#### WHAT IS REQUIRED:
Exactly as given, restate each record that follows.
((
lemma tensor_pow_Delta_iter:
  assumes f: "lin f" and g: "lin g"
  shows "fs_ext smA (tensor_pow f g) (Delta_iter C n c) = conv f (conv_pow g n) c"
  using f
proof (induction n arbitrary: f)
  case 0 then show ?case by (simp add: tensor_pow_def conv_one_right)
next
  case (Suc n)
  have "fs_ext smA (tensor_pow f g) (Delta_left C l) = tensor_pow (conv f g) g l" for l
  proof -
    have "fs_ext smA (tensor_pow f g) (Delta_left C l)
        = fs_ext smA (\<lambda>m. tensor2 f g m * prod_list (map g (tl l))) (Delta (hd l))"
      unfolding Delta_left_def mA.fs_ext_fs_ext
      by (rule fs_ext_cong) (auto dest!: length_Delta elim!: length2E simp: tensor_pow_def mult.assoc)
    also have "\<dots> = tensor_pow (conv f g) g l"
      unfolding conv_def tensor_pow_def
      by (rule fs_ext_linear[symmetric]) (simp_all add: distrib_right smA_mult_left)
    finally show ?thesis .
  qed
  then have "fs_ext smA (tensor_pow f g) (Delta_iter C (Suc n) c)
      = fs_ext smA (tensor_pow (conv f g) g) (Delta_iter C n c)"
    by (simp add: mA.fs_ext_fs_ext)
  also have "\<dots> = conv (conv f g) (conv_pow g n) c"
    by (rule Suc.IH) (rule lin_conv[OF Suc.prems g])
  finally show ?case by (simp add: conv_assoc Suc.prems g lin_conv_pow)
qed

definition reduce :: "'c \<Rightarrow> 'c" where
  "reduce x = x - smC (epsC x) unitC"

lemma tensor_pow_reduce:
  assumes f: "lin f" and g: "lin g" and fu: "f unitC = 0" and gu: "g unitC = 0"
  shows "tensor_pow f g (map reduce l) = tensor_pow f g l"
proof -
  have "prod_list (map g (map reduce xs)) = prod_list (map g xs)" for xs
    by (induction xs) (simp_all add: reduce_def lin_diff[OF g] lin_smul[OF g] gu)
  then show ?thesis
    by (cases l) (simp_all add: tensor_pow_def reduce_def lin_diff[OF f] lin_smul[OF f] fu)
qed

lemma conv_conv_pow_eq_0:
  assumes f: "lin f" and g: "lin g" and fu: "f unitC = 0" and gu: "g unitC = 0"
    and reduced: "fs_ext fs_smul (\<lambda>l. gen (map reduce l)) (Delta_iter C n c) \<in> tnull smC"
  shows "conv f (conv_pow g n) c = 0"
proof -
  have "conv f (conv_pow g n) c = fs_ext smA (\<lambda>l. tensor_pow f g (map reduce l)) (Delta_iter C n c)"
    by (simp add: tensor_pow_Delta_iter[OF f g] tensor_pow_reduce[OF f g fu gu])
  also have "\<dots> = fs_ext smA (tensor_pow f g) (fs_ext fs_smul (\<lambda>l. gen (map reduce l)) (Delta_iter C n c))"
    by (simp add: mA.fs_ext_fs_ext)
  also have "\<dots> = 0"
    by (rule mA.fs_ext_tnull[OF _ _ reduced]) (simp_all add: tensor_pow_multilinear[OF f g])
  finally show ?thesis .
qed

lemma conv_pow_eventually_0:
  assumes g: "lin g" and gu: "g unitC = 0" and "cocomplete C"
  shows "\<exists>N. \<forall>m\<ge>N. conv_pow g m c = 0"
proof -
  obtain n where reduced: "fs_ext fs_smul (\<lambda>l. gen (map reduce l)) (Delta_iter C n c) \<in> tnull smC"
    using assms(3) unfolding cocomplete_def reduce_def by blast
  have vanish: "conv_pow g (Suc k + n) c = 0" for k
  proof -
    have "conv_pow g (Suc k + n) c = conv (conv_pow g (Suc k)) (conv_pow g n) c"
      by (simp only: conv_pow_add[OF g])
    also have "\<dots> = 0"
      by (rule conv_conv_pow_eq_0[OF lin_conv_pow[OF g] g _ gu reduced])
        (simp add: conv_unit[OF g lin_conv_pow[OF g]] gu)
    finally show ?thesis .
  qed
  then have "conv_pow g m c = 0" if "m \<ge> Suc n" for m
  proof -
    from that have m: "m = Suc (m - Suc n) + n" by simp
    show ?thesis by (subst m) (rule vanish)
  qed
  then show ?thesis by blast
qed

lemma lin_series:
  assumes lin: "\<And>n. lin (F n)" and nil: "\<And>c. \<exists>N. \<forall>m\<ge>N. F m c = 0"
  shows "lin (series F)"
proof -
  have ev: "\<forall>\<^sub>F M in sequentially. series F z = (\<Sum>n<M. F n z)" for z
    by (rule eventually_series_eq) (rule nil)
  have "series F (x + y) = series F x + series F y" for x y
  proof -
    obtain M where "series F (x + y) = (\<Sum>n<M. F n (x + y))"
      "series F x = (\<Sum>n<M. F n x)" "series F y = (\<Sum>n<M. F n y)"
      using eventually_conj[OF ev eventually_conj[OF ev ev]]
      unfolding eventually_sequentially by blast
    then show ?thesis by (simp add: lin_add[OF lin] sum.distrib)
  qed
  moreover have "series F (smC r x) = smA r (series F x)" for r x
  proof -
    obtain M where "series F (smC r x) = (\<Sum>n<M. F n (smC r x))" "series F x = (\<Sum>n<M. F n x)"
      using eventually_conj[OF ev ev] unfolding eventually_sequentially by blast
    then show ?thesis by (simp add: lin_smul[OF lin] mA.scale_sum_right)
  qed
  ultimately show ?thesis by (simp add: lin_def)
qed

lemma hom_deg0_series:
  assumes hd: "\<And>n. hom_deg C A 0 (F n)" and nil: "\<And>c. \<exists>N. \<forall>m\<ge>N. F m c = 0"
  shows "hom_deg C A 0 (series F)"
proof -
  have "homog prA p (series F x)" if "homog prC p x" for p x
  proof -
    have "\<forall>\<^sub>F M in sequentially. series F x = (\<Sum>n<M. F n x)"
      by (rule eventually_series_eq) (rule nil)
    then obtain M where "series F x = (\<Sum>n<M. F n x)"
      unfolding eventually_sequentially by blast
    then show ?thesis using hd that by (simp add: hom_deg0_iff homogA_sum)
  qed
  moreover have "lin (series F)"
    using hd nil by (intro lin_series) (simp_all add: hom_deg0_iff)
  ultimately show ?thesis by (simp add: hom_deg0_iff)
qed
))
#### ANSWER AREA:
lemma tensor_pow_Delta_iter:
  assumes f: "lin f" and g: "lin g"
  shows "fs_ext smA (tensor_pow f g) (Delta_iter C n c) = conv f (conv_pow g n) c"
  using f
proof (induction n arbitrary: f)
  case 0 then show ?case by (simp add: tensor_pow_def conv_one_right)
next
  case (Suc n)
  have "fs_ext smA (tensor_pow f g) (Delta_left C l) = tensor_pow (conv f g) g l" for l
  proof -
    have "fs_ext smA (tensor_pow f g) (Delta_left C l)
        = fs_ext smA (\<lambda>m. tensor2 f g m * prod_list (map g (tl l))) (Delta (hd l))"
      unfolding Delta_left_def mA.fs_ext_fs_ext
      by (rule fs_ext_cong) (auto dest!: length_Delta elim!: length2E simp: tensor_pow_def mult.assoc)
    also have "\<dots> = tensor_pow (conv f g) g l"
      unfolding conv_def tensor_pow_def
      by (rule fs_ext_linear[symmetric]) (simp_all add: distrib_right smA_mult_left)
    finally show ?thesis .
  qed
  then have "fs_ext smA (tensor_pow f g) (Delta_iter C (Suc n) c)
      = fs_ext smA (tensor_pow (conv f g) g) (Delta_iter C n c)"
    by (simp add: mA.fs_ext_fs_ext)
  also have "\<dots> = conv (conv f g) (conv_pow g n) c"
    by (rule Suc.IH) (rule lin_conv[OF Suc.prems g])
  finally show ?case by (simp add: conv_assoc Suc.prems g lin_conv_pow)
qed

definition reduce :: "'c \<Rightarrow> 'c" where
  "reduce x = x - smC (epsC x) unitC"

lemma tensor_pow_reduce:
  assumes f: "lin f" and g: "lin g" and fu: "f unitC = 0" and gu: "g unitC = 0"
  shows "tensor_pow f g (map reduce l) = tensor_pow f g l"
proof -
  have "prod_list (map g (map reduce xs)) = prod_list (map g xs)" for xs
    by (induction xs) (simp_all add: reduce_def lin_diff[OF g] lin_smul[OF g] gu)
  then show ?thesis
    by (cases l) (simp_all add: tensor_pow_def reduce_def lin_diff[OF f] lin_smul[OF f] fu)
qed

lemma conv_conv_pow_eq_0:
  assumes f: "lin f" and g: "lin g" and fu: "f unitC = 0" and gu: "g unitC = 0"
    and reduced: "fs_ext fs_smul (\<lambda>l. gen (map reduce l)) (Delta_iter C n c) \<in> tnull smC"
  shows "conv f (conv_pow g n) c = 0"
proof -
  have "conv f (conv_pow g n) c = fs_ext smA (\<lambda>l. tensor_pow f g (map reduce l)) (Delta_iter C n c)"
    by (simp add: tensor_pow_Delta_iter[OF f g] tensor_pow_reduce[OF f g fu gu])
  also have "\<dots> = fs_ext smA (tensor_pow f g) (fs_ext fs_smul (\<lambda>l. gen (map reduce l)) (Delta_iter C n c))"
    by (simp add: mA.fs_ext_fs_ext)
  also have "\<dots> = 0"
    by (rule mA.fs_ext_tnull[OF _ _ reduced]) (simp_all add: tensor_pow_multilinear[OF f g])
  finally show ?thesis .
qed

lemma conv_pow_eventually_0:
  assumes g: "lin g" and gu: "g unitC = 0" and "cocomplete C"
  shows "\<exists>N. \<forall>m\<ge>N. conv_pow g m c = 0"
proof -
  obtain n where reduced: "fs_ext fs_smul (\<lambda>l. gen (map reduce l)) (Delta_iter C n c) \<in> tnull smC"
    using assms(3) unfolding cocomplete_def reduce_def by blast
  have vanish: "conv_pow g (Suc k + n) c = 0" for k
  proof -
    have "conv_pow g (Suc k + n) c = conv (conv_pow g (Suc k)) (conv_pow g n) c"
      by (simp only: conv_pow_add[OF g])
    also have "\<dots> = 0"
      by (rule conv_conv_pow_eq_0[OF lin_conv_pow[OF g] g _ gu reduced])
        (simp add: conv_unit[OF g lin_conv_pow[OF g]] gu)
    finally show ?thesis .
  qed
  then have "conv_pow g m c = 0" if "m \<ge> Suc n" for m
  proof -
    from that have m: "m = Suc (m - Suc n) + n" by simp
    show ?thesis by (subst m) (rule vanish)
  qed
  then show ?thesis by blast
qed

lemma lin_series:
  assumes lin: "\<And>n. lin (F n)" and nil: "\<And>c. \<exists>N. \<forall>m\<ge>N. F m c = 0"
  shows "lin (series F)"
proof -
  have ev: "\<forall>\<^sub>F M in sequentially. series F z = (\<Sum>n<M. F n z)" for z
    by (rule eventually_series_eq) (rule nil)
  have "series F (x + y) = series F x + series F y" for x y
  proof -
    obtain M where "series F (x + y) = (\<Sum>n<M. F n (x + y))"
      "series F x = (\<Sum>n<M. F n x)" "series F y = (\<Sum>n<M. F n y)"
      using eventually_conj[OF ev eventually_conj[OF ev ev]]
      unfolding eventually_sequentially by blast
    then show ?thesis by (simp add: lin_add[OF lin] sum.distrib)
  qed
  moreover have "series F (smC r x) = smA r (series F x)" for r x
  proof -
    obtain M where "series F (smC r x) = (\<Sum>n<M. F n (smC r x))" "series F x = (\<Sum>n<M. F n x)"
      using eventually_conj[OF ev ev] unfolding eventually_sequentially by blast
    then show ?thesis by (simp add: lin_smul[OF lin] mA.scale_sum_right)
  qed
  ultimately show ?thesis by (simp add: lin_def)
qed

lemma hom_deg0_series:
  assumes hd: "\<And>n. hom_deg C A 0 (F n)" and nil: "\<And>c. \<exists>N. \<forall>m\<ge>N. F m c = 0"
  shows "hom_deg C A 0 (series F)"
proof -
  have "homog prA p (series F x)" if "homog prC p x" for p x
  proof -
    have "\<forall>\<^sub>F M in sequentially. series F x = (\<Sum>n<M. F n x)"
      by (rule eventually_series_eq) (rule nil)
    then obtain M where "series F x = (\<Sum>n<M. F n x)"
      unfolding eventually_sequentially by blast
    then show ?thesis using hd that by (simp add: hom_deg0_iff homogA_sum)
  qed
  moreover have "lin (series F)"
    using hd nil by (intro lin_series) (simp_all add: hom_deg0_iff)
  ultimately show ?thesis by (simp add: hom_deg0_iff)
qed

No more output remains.